*DATA PROVIDED*.

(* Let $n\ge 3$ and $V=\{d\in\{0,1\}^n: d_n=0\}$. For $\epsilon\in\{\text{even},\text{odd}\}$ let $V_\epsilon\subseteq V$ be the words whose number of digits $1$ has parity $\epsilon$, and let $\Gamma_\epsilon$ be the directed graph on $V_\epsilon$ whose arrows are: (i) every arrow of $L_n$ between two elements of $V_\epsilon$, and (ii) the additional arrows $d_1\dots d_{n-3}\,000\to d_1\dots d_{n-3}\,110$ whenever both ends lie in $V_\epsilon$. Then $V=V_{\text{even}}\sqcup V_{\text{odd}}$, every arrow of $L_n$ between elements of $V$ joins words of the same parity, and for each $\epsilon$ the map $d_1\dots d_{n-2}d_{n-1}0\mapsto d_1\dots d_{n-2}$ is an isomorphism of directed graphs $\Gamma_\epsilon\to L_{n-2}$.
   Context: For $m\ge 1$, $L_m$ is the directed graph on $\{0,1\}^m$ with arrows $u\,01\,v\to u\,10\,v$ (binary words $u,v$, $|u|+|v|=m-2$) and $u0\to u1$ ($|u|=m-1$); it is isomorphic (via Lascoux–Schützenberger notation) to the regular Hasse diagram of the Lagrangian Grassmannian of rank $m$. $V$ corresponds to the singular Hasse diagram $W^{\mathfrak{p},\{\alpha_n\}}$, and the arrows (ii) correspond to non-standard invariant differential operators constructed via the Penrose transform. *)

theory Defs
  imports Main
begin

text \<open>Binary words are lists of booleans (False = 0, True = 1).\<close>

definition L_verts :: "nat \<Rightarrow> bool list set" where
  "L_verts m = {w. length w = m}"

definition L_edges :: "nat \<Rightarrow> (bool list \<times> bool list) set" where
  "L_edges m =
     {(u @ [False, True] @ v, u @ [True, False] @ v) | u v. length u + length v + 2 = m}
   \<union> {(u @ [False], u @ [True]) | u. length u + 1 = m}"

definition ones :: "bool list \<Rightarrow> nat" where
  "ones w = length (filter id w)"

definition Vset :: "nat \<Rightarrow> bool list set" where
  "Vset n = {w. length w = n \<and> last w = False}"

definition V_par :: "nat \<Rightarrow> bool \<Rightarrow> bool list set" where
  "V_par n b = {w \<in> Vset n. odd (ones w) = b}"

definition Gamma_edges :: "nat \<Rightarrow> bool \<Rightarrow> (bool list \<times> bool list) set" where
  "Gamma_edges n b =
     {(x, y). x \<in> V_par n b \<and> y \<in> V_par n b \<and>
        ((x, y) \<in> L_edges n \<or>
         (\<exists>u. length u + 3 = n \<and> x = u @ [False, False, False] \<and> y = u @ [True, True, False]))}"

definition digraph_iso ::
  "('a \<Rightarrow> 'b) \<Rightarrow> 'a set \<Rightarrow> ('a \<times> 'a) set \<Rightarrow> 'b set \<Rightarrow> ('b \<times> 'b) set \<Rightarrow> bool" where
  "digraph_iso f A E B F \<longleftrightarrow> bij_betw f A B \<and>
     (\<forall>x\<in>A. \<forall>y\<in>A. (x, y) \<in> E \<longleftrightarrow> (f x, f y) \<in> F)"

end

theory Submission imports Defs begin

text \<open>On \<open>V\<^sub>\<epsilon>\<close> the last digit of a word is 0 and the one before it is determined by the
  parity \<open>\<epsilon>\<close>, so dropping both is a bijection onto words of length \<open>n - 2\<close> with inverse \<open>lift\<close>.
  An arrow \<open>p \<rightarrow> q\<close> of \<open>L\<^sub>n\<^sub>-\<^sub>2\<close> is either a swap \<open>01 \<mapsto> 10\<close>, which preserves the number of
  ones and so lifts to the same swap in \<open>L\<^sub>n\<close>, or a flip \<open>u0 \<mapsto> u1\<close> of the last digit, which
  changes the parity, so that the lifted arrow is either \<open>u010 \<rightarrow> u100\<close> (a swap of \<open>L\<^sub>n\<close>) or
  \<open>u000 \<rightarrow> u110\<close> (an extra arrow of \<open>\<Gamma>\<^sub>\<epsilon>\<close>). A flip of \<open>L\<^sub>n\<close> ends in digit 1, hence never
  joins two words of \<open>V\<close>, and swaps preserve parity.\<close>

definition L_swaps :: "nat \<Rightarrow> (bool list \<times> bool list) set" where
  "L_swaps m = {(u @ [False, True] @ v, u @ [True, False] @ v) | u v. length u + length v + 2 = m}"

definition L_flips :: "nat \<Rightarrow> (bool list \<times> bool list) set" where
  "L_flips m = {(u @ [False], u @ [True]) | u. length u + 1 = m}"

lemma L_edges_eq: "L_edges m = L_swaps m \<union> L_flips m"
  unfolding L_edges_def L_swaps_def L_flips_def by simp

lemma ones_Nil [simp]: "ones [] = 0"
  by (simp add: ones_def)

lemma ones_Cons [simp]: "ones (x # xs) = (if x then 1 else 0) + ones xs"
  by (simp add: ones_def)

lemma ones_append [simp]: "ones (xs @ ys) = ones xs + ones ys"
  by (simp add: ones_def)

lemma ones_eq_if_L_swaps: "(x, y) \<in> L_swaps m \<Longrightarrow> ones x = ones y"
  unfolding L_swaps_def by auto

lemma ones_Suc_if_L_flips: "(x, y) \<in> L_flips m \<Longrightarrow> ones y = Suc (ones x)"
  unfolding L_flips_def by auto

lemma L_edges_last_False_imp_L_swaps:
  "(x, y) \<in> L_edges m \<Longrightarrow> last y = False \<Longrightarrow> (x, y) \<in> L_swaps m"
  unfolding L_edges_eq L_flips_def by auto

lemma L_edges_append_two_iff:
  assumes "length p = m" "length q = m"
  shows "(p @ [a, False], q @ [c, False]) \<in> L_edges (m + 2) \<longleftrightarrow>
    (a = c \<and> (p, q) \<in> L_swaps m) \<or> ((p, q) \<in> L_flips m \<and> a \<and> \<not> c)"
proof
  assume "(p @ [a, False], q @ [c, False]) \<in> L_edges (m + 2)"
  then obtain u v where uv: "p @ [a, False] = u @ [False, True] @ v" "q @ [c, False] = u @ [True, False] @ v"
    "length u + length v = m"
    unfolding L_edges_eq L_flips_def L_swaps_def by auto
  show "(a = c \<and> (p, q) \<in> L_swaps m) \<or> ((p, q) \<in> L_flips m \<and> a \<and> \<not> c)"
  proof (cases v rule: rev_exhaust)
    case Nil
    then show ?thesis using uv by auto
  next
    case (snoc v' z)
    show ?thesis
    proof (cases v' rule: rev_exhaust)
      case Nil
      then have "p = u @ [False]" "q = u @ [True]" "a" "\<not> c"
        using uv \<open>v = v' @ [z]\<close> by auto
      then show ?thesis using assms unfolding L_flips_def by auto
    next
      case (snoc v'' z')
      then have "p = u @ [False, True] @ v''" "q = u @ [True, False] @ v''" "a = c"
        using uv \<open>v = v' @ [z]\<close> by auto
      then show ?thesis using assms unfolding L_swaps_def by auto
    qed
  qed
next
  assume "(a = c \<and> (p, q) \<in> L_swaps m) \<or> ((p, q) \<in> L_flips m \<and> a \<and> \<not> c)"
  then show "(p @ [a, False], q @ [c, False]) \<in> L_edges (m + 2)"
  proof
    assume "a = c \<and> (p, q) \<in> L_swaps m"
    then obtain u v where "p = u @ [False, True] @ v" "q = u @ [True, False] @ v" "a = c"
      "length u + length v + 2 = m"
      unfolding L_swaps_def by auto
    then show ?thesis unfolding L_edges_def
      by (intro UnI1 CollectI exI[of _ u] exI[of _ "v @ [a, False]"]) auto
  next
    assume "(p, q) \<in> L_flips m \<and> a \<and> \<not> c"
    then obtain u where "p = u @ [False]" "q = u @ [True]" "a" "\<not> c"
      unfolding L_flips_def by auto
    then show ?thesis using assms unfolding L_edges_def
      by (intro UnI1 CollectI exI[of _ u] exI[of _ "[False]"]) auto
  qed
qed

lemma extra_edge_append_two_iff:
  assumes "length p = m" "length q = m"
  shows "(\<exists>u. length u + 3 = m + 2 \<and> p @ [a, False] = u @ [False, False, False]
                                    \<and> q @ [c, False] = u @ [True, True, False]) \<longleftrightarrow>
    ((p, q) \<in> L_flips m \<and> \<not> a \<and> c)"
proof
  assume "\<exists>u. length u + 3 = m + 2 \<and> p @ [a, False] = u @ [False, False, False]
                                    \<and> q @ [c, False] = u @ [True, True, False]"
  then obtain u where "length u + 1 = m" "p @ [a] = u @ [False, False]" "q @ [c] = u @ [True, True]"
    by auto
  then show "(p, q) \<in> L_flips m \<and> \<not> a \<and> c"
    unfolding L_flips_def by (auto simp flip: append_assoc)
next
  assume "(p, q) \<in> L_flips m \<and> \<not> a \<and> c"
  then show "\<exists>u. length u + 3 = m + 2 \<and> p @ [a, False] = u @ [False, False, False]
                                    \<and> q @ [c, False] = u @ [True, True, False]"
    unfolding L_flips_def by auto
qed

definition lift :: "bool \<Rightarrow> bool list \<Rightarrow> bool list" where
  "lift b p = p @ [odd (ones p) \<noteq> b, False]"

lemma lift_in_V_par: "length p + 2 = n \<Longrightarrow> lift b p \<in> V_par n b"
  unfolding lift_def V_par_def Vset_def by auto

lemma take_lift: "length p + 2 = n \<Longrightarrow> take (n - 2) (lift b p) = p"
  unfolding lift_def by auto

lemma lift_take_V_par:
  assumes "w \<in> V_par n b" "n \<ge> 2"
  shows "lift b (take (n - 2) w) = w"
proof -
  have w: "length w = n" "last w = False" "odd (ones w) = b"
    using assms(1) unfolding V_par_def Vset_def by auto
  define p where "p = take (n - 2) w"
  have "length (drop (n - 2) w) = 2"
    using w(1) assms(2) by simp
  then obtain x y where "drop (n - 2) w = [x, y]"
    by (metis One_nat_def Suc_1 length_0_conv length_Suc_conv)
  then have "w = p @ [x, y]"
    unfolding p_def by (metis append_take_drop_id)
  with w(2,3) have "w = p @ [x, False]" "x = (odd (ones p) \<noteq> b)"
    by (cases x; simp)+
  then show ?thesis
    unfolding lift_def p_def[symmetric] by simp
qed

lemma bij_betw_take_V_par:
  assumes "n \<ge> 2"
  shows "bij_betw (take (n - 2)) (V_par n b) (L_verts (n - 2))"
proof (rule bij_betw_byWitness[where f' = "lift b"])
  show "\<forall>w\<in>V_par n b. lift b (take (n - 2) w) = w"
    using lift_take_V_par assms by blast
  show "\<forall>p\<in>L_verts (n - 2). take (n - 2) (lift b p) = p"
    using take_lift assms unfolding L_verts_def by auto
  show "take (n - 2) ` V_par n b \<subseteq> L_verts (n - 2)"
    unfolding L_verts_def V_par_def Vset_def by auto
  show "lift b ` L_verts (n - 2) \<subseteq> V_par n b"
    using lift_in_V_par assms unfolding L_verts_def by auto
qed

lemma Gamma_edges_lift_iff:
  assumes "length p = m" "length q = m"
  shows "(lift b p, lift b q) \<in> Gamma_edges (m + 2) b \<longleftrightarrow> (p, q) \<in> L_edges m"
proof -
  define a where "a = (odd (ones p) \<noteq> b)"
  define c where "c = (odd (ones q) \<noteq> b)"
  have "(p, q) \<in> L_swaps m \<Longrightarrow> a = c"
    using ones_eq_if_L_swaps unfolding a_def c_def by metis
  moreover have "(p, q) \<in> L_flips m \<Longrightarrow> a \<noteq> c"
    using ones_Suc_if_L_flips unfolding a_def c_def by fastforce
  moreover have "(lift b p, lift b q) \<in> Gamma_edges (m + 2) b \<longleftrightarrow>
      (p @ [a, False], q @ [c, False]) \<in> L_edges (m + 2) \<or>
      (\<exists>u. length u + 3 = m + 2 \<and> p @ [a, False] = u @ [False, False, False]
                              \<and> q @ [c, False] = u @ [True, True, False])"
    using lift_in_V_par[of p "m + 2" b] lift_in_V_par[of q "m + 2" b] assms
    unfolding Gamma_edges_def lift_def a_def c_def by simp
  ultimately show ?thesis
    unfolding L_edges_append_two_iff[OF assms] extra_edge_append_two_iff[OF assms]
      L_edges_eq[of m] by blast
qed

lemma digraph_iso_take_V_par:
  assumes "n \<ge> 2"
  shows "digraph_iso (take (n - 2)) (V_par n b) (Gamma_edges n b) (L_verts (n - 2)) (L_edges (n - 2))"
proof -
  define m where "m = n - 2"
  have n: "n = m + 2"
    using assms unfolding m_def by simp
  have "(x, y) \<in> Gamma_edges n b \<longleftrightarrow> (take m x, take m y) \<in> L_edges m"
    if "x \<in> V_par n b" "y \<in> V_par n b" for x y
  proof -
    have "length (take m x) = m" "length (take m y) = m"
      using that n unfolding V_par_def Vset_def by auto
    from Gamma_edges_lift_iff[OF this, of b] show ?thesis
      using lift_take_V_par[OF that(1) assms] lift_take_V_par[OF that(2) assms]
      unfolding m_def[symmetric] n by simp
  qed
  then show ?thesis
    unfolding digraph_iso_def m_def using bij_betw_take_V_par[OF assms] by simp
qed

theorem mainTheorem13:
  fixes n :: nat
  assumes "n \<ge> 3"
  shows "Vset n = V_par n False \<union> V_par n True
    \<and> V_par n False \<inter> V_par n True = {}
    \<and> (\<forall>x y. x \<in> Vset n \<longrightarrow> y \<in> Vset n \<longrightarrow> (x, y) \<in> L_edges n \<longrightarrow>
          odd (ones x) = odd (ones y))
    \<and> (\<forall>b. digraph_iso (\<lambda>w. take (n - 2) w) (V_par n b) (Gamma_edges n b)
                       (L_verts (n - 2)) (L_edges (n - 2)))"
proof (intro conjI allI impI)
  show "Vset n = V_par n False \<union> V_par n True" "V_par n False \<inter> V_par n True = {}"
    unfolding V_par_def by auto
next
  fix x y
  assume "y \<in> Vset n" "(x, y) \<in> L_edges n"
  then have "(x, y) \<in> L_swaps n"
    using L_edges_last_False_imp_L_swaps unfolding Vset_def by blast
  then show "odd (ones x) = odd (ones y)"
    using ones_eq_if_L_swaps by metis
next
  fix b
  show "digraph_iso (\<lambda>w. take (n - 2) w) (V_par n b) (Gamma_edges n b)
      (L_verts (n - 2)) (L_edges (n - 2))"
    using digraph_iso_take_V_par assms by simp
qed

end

*TASK OBJECTIVE*. From the entries above, return exactly the line containing "by (metis One_nat_def", the line containing "using take_lift assms", and all lines between, and nothing else.

*ANSWER BELOW*.
    by (metis One_nat_def Suc_1 length_0_conv length_Suc_conv)
  then have "w = p @ [x, y]"
    unfolding p_def by (metis append_take_drop_id)
  with w(2,3) have "w = p @ [x, False]" "x = (odd (ones p) \<noteq> b)"
    by (cases x; simp)+
  then show ?thesis
    unfolding lift_def p_def[symmetric] by simp
qed

lemma bij_betw_take_V_par:
  assumes "n \<ge> 2"
  shows "bij_betw (take (n - 2)) (V_par n b) (L_verts (n - 2))"
proof (rule bij_betw_byWitness[where f' = "lift b"])
  show "\<forall>w\<in>V_par n b. lift b (take (n - 2) w) = w"
    using lift_take_V_par assms by blast
  show "\<forall>p\<in>L_verts (n - 2). take (n - 2) (lift b p) = p"
    using take_lift assms unfolding L_verts_def by auto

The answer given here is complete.